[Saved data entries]
══════
lemma ends_first_occurrence_append_eq_suffix:
  assumes "ends_first_occurrence S (u @ t)" "suffix R S" "length t = length R"
  shows "t = R"
proof -
  have "suffix S (u @ t)"
    using assms(1) by (rule ends_first_occurrence_imp_suffix)
  then have "suffix t S"
    using assms(2,3) by (metis suffix_append suffix_length_le suffix_length_suffix suffix_order.refl)
  then show ?thesis
    using assms(2,3) by (metis suffix_length_suffix suffix_order.antisym order_refl)
qed

section \<open>Streams of independent rolls\<close>

lemma measurable_stake_pmf:
  fixes D :: "'a::countable pmf"
  shows "stake N \<in> measurable (stream_space (measure_pmf D)) (count_space UNIV)"
proof -
  have "sets (stream_space (measure_pmf D)) = sets (stream_space (count_space UNIV))"
    by (rule sets_stream_space_cong) simp
  then show ?thesis
    by (subst measurable_cong_sets[OF _ refl]) (auto intro: measurable_stake)
qed

lemma nn_integral_stream_space_stake:
  fixes D :: "'a::countable pmf" and g :: "'a list \<Rightarrow> real"
  assumes "finite A" "set_pmf D \<subseteq> A" "\<And>w. g w \<ge> 0"
  shows "(\<integral>\<^sup>+\<omega>. ennreal (g (stake N \<omega>)) \<partial>stream_space (measure_pmf D))
           = ennreal (\<Sum>w\<in>words A N. prod_list (map (pmf D) w) * g w)"
  using assms(3)
proof (induction N arbitrary: g)
  case 0
  interpret prob_space "stream_space (measure_pmf D)"
    by (rule prob_space.prob_space_stream_space[OF prob_space_measure_pmf])
  show ?case
    by (simp add: emeasure_space_1)
next
  case (Suc N)
  have weights_nonneg: "0 \<le> (\<Sum>w\<in>words A N. prod_list (map (pmf D) w) * g (x # w))" for x
    using Suc.prems by (intro sum_nonneg mult_nonneg_nonneg prod_list_nonneg) auto
  have "(\<lambda>w. ennreal (g w)) \<in> borel_measurable (count_space UNIV)"
    by simp
  then have "(\<lambda>\<omega>. ennreal (g (stake (Suc N) \<omega>))) \<in> borel_measurable (stream_space (measure_pmf D))"
    by (rule measurable_compose[OF measurable_stake_pmf])
  then have "(\<integral>\<^sup>+\<omega>. ennreal (g (stake (Suc N) \<omega>)) \<partial>stream_space (measure_pmf D))
      = (\<integral>\<^sup>+x. (\<integral>\<^sup>+\<omega>. ennreal (g (stake (Suc N) (x ## \<omega>))) \<partial>stream_space (measure_pmf D)) \<partial>measure_pmf D)"
    by (rule prob_space.nn_integral_stream_space[OF prob_space_measure_pmf])
  also have "\<dots> = (\<integral>\<^sup>+x. ennreal (\<Sum>w\<in>words A N. prod_list (map (pmf D) w) * g (x # w)) \<partial>measure_pmf D)"
    using Suc.IH[of "\<lambda>w. g (_ # w)"] Suc.prems by simp
  also have "\<dots> = (\<Sum>x\<in>A. ennreal (\<Sum>w\<in>words A N. prod_list (map (pmf D) w) * g (x # w)) * pmf D x)"
    using assms(1,2) by (intro nn_integral_measure_pmf_support) auto
  also have "\<dots> = ennreal (\<Sum>x\<in>A. pmf D x * (\<Sum>w\<in>words A N. prod_list (map (pmf D) w) * g (x # w)))"
    using weights_nonneg by (subst sum_ennreal[symmetric]) (simp_all add: ennreal_mult'' mult.commute)
  also have "\<dots> = ennreal (\<Sum>w\<in>words A (Suc N). prod_list (map (pmf D) w) * g w)"
    by (simp add: sum_words_Suc sum_distrib_left mult.assoc)
  finally show ?case .
qed

lemma prefix_stake_mono:
  assumes "j \<le> k"
  shows "prefix (stake j \<omega>) (stake k \<omega>)"
proof (rule prefixI)
  show "stake k \<omega> = stake j \<omega> @ stake (k - j) (sdrop j \<omega>)"
    using assms by simp
qed

lemma butlast_stake: "butlast (stake j \<omega>) = stake (j - 1) \<omega>"
  by (cases j) (simp_all only: stake_Suc butlast_snoc, simp_all)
══════
__WHAT YOU SHOULD DO__. Please print the records above exactly from their first line. End with the line containing "sets (stream_space (count_space", and include it.

__SOLUTION TO THIS TASK__.
lemma ends_first_occurrence_append_eq_suffix:
  assumes "ends_first_occurrence S (u @ t)" "suffix R S" "length t = length R"
  shows "t = R"
proof -
  have "suffix S (u @ t)"
    using assms(1) by (rule ends_first_occurrence_imp_suffix)
  then have "suffix t S"
    using assms(2,3) by (metis suffix_append suffix_length_le suffix_length_suffix suffix_order.refl)
  then show ?thesis
    using assms(2,3) by (metis suffix_length_suffix suffix_order.antisym order_refl)
qed

section \<open>Streams of independent rolls\<close>

lemma measurable_stake_pmf:
  fixes D :: "'a::countable pmf"
  shows "stake N \<in> measurable (stream_space (measure_pmf D)) (count_space UNIV)"
proof -
  have "sets (stream_space (measure_pmf D)) = sets (stream_space (count_space UNIV))"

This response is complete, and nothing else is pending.